Department of Psychology, New York University, New York, NY, USA.
Columbia University, 1190 Amsterdam Ave., New York, NY 10027, USA.
Soc Cogn Affect Neurosci. 2021 Aug 5;16(8):827-837. doi: 10.1093/scan/nsaa127.
Across multiple domains of social perception-including social categorization, emotion perception, impression formation and mentalizing-multivariate pattern analysis (MVPA) of functional magnetic resonance imaging (fMRI) data has permitted a more detailed understanding of how social information is processed and represented in the brain. As in other neuroimaging fields, the neuroscientific study of social perception initially relied on broad structure-function associations derived from univariate fMRI analysis to map neural regions involved in these processes. In this review, we trace the ways that social neuroscience studies using MVPA have built on these neuroanatomical associations to better characterize the computational relevance of different brain regions, and discuss how MVPA allows explicit tests of the correspondence between psychological models and the neural representation of social information. We also describe current and future advances in methodological approaches to multivariate fMRI data and their theoretical value for the neuroscience of social perception.
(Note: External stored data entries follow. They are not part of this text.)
lemma coset_system_subset: "coset_system A \<Longrightarrow> p \<in> I \<Longrightarrow> A p \<subseteq> V p"
  by (rule coset_subset[OF coset_systemD(1) subspace_V])

lemma coset_system_image_mono:
  assumes A: "coset_system A" and I: "r \<in> I" "q \<in> I" "p \<in> I" and le: "r \<le> q" "q \<le> p"
  shows "F r p ` A r \<subseteq> F q p ` A q"
proof
  fix y assume "y \<in> F r p ` A r"
  then obtain z where z: "z \<in> A r" "y = F r p z" by auto
  have "F r q z \<in> A q" using coset_systemD(2)[OF A I(1,2) le(1)] z(1) by blast
  moreover have "F q p (F r q z) = y"
    using F_comp[OF I le] coset_system_subset[OF A I(1)] z by auto
  ultimately show "y \<in> F q p ` A q" by (metis image_eqI)
qed

lemma stable_image_subset: "p \<in> I \<Longrightarrow> q \<in> I \<Longrightarrow> q \<le> p \<Longrightarrow> stable_image A p \<subseteq> F q p ` A q"
  unfolding stable_image_def by blast

lemma stable_image_le:
  assumes "coset_system A" "p \<in> I"
  shows "stable_image A p \<subseteq> A p"
  using stable_image_subset[OF assms(2) assms(2) order_refl, of A]
    coset_systemD(2)[OF assms(1) assms(2) assms(2) order_refl] by (rule order_trans)
(* Let $n$ and $r$ be positive integers with $\frac{14}{5}r-1\le n\le 3r-2$. Then $\rho_2(K(n,r))=3$.
   Context: For integers $n\ge 2r$, the Kneser graph $K(n,r)$ has as vertices the $r$-element subsets of $[n]=\{1,\dots,n\}$, two vertices being adjacent iff they are disjoint. A $2$-packing of a graph $G$ is a set of vertices pairwise at distance at least $3$ in $G$; $\rho_2(G)$ is the maximum cardinality of a $2$-packing. *)

theory Defs
  imports Complex_Main
begin

definition kneser_verts :: "nat \<Rightarrow> nat \<Rightarrow> nat set set" where
  "kneser_verts n r = {A. A \<subseteq> {1..n} \<and> card A = r}"

definition kneser_adj :: "nat \<Rightarrow> nat \<Rightarrow> nat set \<Rightarrow> nat set \<Rightarrow> bool" where
  "kneser_adj n r A B \<longleftrightarrow> A \<in> kneser_verts n r \<and> B \<in> kneser_verts n r \<and> A \<inter> B = {}"

fun walk_len :: "'a set \<Rightarrow> ('a \<Rightarrow> 'a \<Rightarrow> bool) \<Rightarrow> 'a \<Rightarrow> 'a \<Rightarrow> nat \<Rightarrow> bool" where
  "walk_len V E x y 0 \<longleftrightarrow> x \<in> V \<and> x = y"
| "walk_len V E x y (Suc k) \<longleftrightarrow> x \<in> V \<and> (\<exists>z\<in>V. E x z \<and> walk_len V E z y k)"

definition dist_ge :: "'a set \<Rightarrow> ('a \<Rightarrow> 'a \<Rightarrow> bool) \<Rightarrow> nat \<Rightarrow> 'a \<Rightarrow> 'a \<Rightarrow> bool" where
  "dist_ge V E d x y \<longleftrightarrow> (\<forall>k<d. \<not> walk_len V E x y k)"

definition two_packing :: "'a set \<Rightarrow> ('a \<Rightarrow> 'a \<Rightarrow> bool) \<Rightarrow> 'a set \<Rightarrow> bool" where
  "two_packing V E P \<longleftrightarrow> P \<subseteq> V \<and> (\<forall>x\<in>P. \<forall>y\<in>P. x \<noteq> y \<longrightarrow> dist_ge V E 3 x y)"

definition rho2 :: "'a set \<Rightarrow> ('a \<Rightarrow> 'a \<Rightarrow> bool) \<Rightarrow> nat" where
  "rho2 V E = Max (card ` {P. two_packing V E P})"

end

theory Submission
  imports Defs
begin

text \<open>
  Two distinct r-sets A, B of {1..n} are at distance at least 3 in K(n,r) iff they meet and have
  no common neighbour, i.e. fewer than r points lie outside A \<union> B; as
  |A \<union> B| = 2r - |A \<inter> B| this means |A \<inter> B| < 3r - n. For four such sets the Bonferroni
  inequality gives 4r \<le> n + 6(3r - n - 1), i.e. 5n + 6 \<le> 14r, which the lower bound on n
  excludes. Conversely, for 2r \<le> n \<le> 3r - 2, three r-sets sharing a core of 3r - n - 1 points
  and otherwise pairwise disjoint form a 2-packing.
\<close>

lemma dist_ge_3_iff:
  assumes "x \<in> V" "y \<in> V"
  shows "dist_ge V E 3 x y \<longleftrightarrow> x \<noteq> y \<and> \<not> E x y \<and> \<not> (\<exists>z\<in>V. E x z \<and> E z y)"
  using assms by (auto simp: dist_ge_def less_Suc_eq numeral_eq_Suc)

lemma rho2_eqI:
  assumes "finite V" "two_packing V E P" "card P = k"
    and "\<And>Q. two_packing V E Q \<Longrightarrow> card Q \<le> k"
  shows "rho2 V E = k"
  unfolding rho2_def
proof (rule Max_eqI)
  have "{Q. two_packing V E Q} \<subseteq> Pow V"
    by (auto simp: two_packing_def)
  with \<open>finite V\<close> show "finite (card ` {Q. two_packing V E Q})"
    by (simp add: finite_subset)
  show "y \<le> k" if "y \<in> card ` {Q. two_packing V E Q}" for y
    using that assms(4) by blast
  show "k \<in> card ` {Q. two_packing V E Q}"
    using assms(2,3) by blast
qed

lemma card_Un4_bonferroni:
  assumes "finite A" "finite B" "finite C" "finite D"
  shows "card A + card B + card C + card D \<le> card (A \<union> B \<union> C \<union> D)
     + card (A \<inter> B) + card (A \<inter> C) + card (B \<inter> C)
     + card (A \<inter> D) + card (B \<inter> D) + card (C \<inter> D)"
proof -
  have "card (A \<union> B) + card (A \<inter> B) = card A + card B"
    using card_Un_Int[of A B] assms by simp
  moreover have "card (A \<union> B \<union> C) + card ((A \<union> B) \<inter> C) = card (A \<union> B) + card C"
    using card_Un_Int[of "A \<union> B" C] assms by simp
  moreover have "card (A \<union> B \<union> C \<union> D) + card ((A \<union> B \<union> C) \<inter> D) = card (A \<union> B \<union> C) + card D"
    using card_Un_Int[of "A \<union> B \<union> C" D] assms by simp
  moreover have "card ((A \<union> B) \<inter> C) \<le> card (A \<inter> C) + card (B \<inter> C)"
    using card_Un_le[of "A \<inter> C" "B \<inter> C"] by (simp add: Int_Un_distrib2)
  moreover have "card ((A \<union> B \<union> C) \<inter> D) \<le> card (A \<inter> D) + card (B \<inter> D) + card (C \<inter> D)"
    using card_Un_le[of "A \<inter> D \<union> B \<inter> D" "C \<inter> D"] card_Un_le[of "A \<inter> D" "B \<inter> D"]
    by (simp add: Int_Un_distrib2)
  ultimately show ?thesis by linarith
qed

lemma four_le_card_distinctE:
  assumes "4 \<le> card P"
  obtains a b c d where "distinct [a, b, c, d]" "{a, b, c, d} \<subseteq> P"
proof -
  have "\<exists>a b c d. distinct [a, b, c, d] \<and> {a, b, c, d} \<subseteq> P"
    using assms by (auto simp: card_le_Suc_iff numeral_eq_Suc)
  then show ?thesis
    using that by blast
qed

lemma mem_kneser_verts: "A \<in> kneser_verts n r \<longleftrightarrow> A \<subseteq> {1..n} \<and> card A = r"
  by (simp add: kneser_verts_def)

lemma kneser_verts_finite: "finite (kneser_verts n r)"
  unfolding kneser_verts_def by (rule finite_subset[of _ "Pow {1..n}"]) auto

lemma kneser_vert_finite: "A \<in> kneser_verts n r \<Longrightarrow> finite A"
  unfolding mem_kneser_verts by (meson finite_atLeastAtMost finite_subset)

lemma kneser_common_neighbour_iff:
  assumes "A \<in> kneser_verts n r" "B \<in> kneser_verts n r"
  shows "(\<exists>C\<in>kneser_verts n r. kneser_adj n r A C \<and> kneser_adj n r C B)
    \<longleftrightarrow> card (A \<union> B) + r \<le> n"
proof -
  have sub: "A \<union> B \<subseteq> {1..n}"
    using assms by (simp add: mem_kneser_verts)
  then have card_compl: "card ({1..n} - (A \<union> B)) + card (A \<union> B) = n"
    using card_Diff_subset[of "A \<union> B" "{1..n}"] card_mono[OF _ sub] finite_subset[OF sub] by simp
  show ?thesis
  proof
    assume "\<exists>C\<in>kneser_verts n r. kneser_adj n r A C \<and> kneser_adj n r C B"
    then obtain C where C: "C \<in> kneser_verts n r" "A \<inter> C = {}" "C \<inter> B = {}"
      unfolding kneser_adj_def by blast
    then have "C \<subseteq> {1..n} - (A \<union> B)"
      by (simp add: mem_kneser_verts) blast
    then have "card C \<le> card ({1..n} - (A \<union> B))"
      by (simp add: card_mono)
    with C(1) card_compl show "card (A \<union> B) + r \<le> n"
      by (simp add: mem_kneser_verts)
  next
    assume "card (A \<union> B) + r \<le> n"
    then obtain C where C: "C \<subseteq> {1..n} - (A \<union> B)" "card C = r"
      using card_compl obtain_subset_with_card_n[of r "{1..n} - (A \<union> B)"] by auto
    then have "C \<in> kneser_verts n r" "A \<inter> C = {}" "C \<inter> B = {}"
      by (auto simp: mem_kneser_verts)
    then show "\<exists>C\<in>kneser_verts n r. kneser_adj n r A C \<and> kneser_adj n r C B"
      using assms unfolding kneser_adj_def by blast
  qed
qed

lemma kneser_dist_ge_3_iff:
  assumes "A \<in> kneser_verts n r" "B \<in> kneser_verts n r"
  shows "dist_ge (kneser_verts n r) (kneser_adj n r) 3 A B
    \<longleftrightarrow> A \<noteq> B \<and> A \<inter> B \<noteq> {} \<and> card (A \<inter> B) + n < 3 * r"
proof -
  have "kneser_adj n r A B \<longleftrightarrow> A \<inter> B = {}"
    using assms by (simp add: kneser_adj_def)
  then have "dist_ge (kneser_verts n r) (kneser_adj n r) 3 A B
      \<longleftrightarrow> A \<noteq> B \<and> A \<inter> B \<noteq> {} \<and> n < card (A \<union> B) + r"
    using assms by (simp add: dist_ge_3_iff kneser_common_neighbour_iff not_le)
  moreover have "card (A \<union> B) + card (A \<inter> B) = 2 * r"
    using assms card_Un_Int[OF kneser_vert_finite[OF assms(1)] kneser_vert_finite[OF assms(2)]]
    by (simp add: mem_kneser_verts)
  ultimately show ?thesis
    by linarith
qed

lemma kneser_two_packing_card_le_3:
  assumes "two_packing (kneser_verts n r) (kneser_adj n r) P" "14 * r \<le> 5 * n + 5"
  shows "card P \<le> 3"
proof (rule ccontr)
  assume "\<not> card P \<le> 3"
  have verts: "X \<in> kneser_verts n r" if "X \<in> P" for X
    using assms(1) that unfolding two_packing_def by blast
  have small_Int: "card (X \<inter> Y) + n < 3 * r" if "X \<in> P" "Y \<in> P" "X \<noteq> Y" for X Y
  proof -
    have "dist_ge (kneser_verts n r) (kneser_adj n r) 3 X Y"
      using assms(1) that unfolding two_packing_def by blast
    then show ?thesis
      using verts that by (simp add: kneser_dist_ge_3_iff)
  qed
  from \<open>\<not> card P \<le> 3\<close> have "4 \<le> card P"
    by simp
  then obtain A B C D where "distinct [A, B, C, D]" "{A, B, C, D} \<subseteq> P"
    by (elim four_le_card_distinctE)
  then have in_P: "A \<in> P" "B \<in> P" "C \<in> P" "D \<in> P"
    and neq: "A \<noteq> B" "A \<noteq> C" "A \<noteq> D" "B \<noteq> C" "B \<noteq> D" "C \<noteq> D"
    by simp_all
  then have ABCD: "A \<in> kneser_verts n r" "B \<in> kneser_verts n r"
      "C \<in> kneser_verts n r" "D \<in> kneser_verts n r"
    by (simp_all add: verts)
  then have "A \<union> B \<union> C \<union> D \<subseteq> {1..n}"
    by (simp add: mem_kneser_verts)
  from card_mono[OF finite_atLeastAtMost this]
  have "card (A \<union> B \<union> C \<union> D) \<le> n"
    by simp
  moreover have "4 * r \<le> card (A \<union> B \<union> C \<union> D)
     + card (A \<inter> B) + card (A \<inter> C) + card (B \<inter> C)
     + card (A \<inter> D) + card (B \<inter> D) + card (C \<inter> D)"
    using card_Un4_bonferroni[OF ABCD[THEN kneser_vert_finite]] ABCD
    by (simp add: mem_kneser_verts)
  moreover note small_Int[OF in_P(1) in_P(2) neq(1)] small_Int[OF in_P(1) in_P(3) neq(2)]
    small_Int[OF in_P(2) in_P(3) neq(4)] small_Int[OF in_P(1) in_P(4) neq(3)]
    small_Int[OF in_P(2) in_P(4) neq(5)] small_Int[OF in_P(3) in_P(4) neq(6)]
  ultimately show False
    using assms(2) by linarith
qed

lemma kneser_two_packing_card_3_exists:
  assumes "2 * r \<le> n" "n + 2 \<le> 3 * r"
  shows "\<exists>P. two_packing (kneser_verts n r) (kneser_adj n r) P \<and> card P = 3"
proof -
  define t where "t = 3 * r - n - 1"
  define m where "m = r - t"
  have "1 \<le> t" "t < r" "t + m = r" "r + 2 * m \<le> n"
    using assms unfolding t_def m_def by auto
  define A where "A = {1..r}"
  define B where "B = {1..t} \<union> {r + 1..r + m}"
  define C where "C = {1..t} \<union> {r + m + 1..r + 2 * m}"
  have verts: "A \<in> kneser_verts n r" "B \<in> kneser_verts n r" "C \<in> kneser_verts n r"
    unfolding mem_kneser_verts A_def B_def C_def
    using \<open>t < r\<close> \<open>t + m = r\<close> \<open>r + 2 * m \<le> n\<close> by (auto simp: card_Un_disjoint)
  have core: "A \<inter> B = {1..t}" "A \<inter> C = {1..t}" "B \<inter> C = {1..t}"
    unfolding A_def B_def C_def using \<open>t < r\<close> by auto
  have "card (A \<inter> B) \<noteq> r" "card (A \<inter> C) \<noteq> r" "card (B \<inter> C) \<noteq> r"
    using core \<open>t < r\<close> by simp_all
  then have "A \<noteq> B" "A \<noteq> C" "B \<noteq> C"
    using verts by (metis Int_absorb mem_kneser_verts)+
  have "dist_ge (kneser_verts n r) (kneser_adj n r) 3 X Y"
    if "X \<in> {A, B, C}" "Y \<in> {A, B, C}" "X \<noteq> Y" for X Y
  proof -
    have "X \<inter> Y = {1..t}"
      using that by (elim insertE emptyE) (simp_all add: core Int_commute)
    moreover have "card {1..t} + n < 3 * r" "{1..t} \<noteq> {}"
      using \<open>1 \<le> t\<close> assms unfolding t_def by auto
    moreover have "X \<in> kneser_verts n r" "Y \<in> kneser_verts n r"
      using that verts by blast+
    ultimately show ?thesis
      using \<open>X \<noteq> Y\<close> by (simp add: kneser_dist_ge_3_iff)
  qed
  then have "two_packing (kneser_verts n r) (kneser_adj n r) {A, B, C}"
    using verts unfolding two_packing_def by blast
  moreover have "card {A, B, C} = 3"
    using \<open>A \<noteq> B\<close> \<open>A \<noteq> C\<close> \<open>B \<noteq> C\<close> by simp
  ultimately show ?thesis
    by blast
qed

theorem corollary4p9:
  fixes n r :: nat
  assumes "0 < n" and "0 < r"
    and "14 / 5 * real r - 1 \<le> real n"
    and "n \<le> 3 * r - 2"
  shows "rho2 (kneser_verts n r) (kneser_adj n r) = 3"
proof -
  have "real (14 * r) \<le> real (5 * n + 5)"
    using assms(3) by simp
  then have n_lower: "14 * r \<le> 5 * n + 5"
    by linarith
  then have "2 * r \<le> n" "n + 2 \<le> 3 * r"
    using assms(2,4) by auto
  then obtain P where "two_packing (kneser_verts n r) (kneser_adj n r) P" "card P = 3"
    using kneser_two_packing_card_3_exists by blast
  then show ?thesis
    using n_lower by (intro rho2_eqI kneser_verts_finite kneser_two_packing_card_le_3)
qed

end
跨多个社会感知领域——包括社会分类、情绪感知、印象形成和心理理论——功能磁共振成像 (fMRI) 数据的多元模式分析 (MVPA) 允许更详细地了解大脑中如何处理和表示社会信息。与其他神经影像学领域一样,社会感知的神经科学研究最初依赖于从单变量 fMRI 分析中得出的广泛的结构-功能关联,以绘制涉及这些过程的神经区域图。在这篇综述中,我们追溯了使用 MVPA 的社会神经科学研究如何建立在这些神经解剖关联的基础上,以更好地描述不同大脑区域的计算相关性,并讨论 MVPA 如何允许对心理模型与社会信息的神经表示之间的对应关系进行明确测试。我们还描述了多元 fMRI 数据的方法学方法的当前和未来进展及其对社会感知神经科学的理论价值。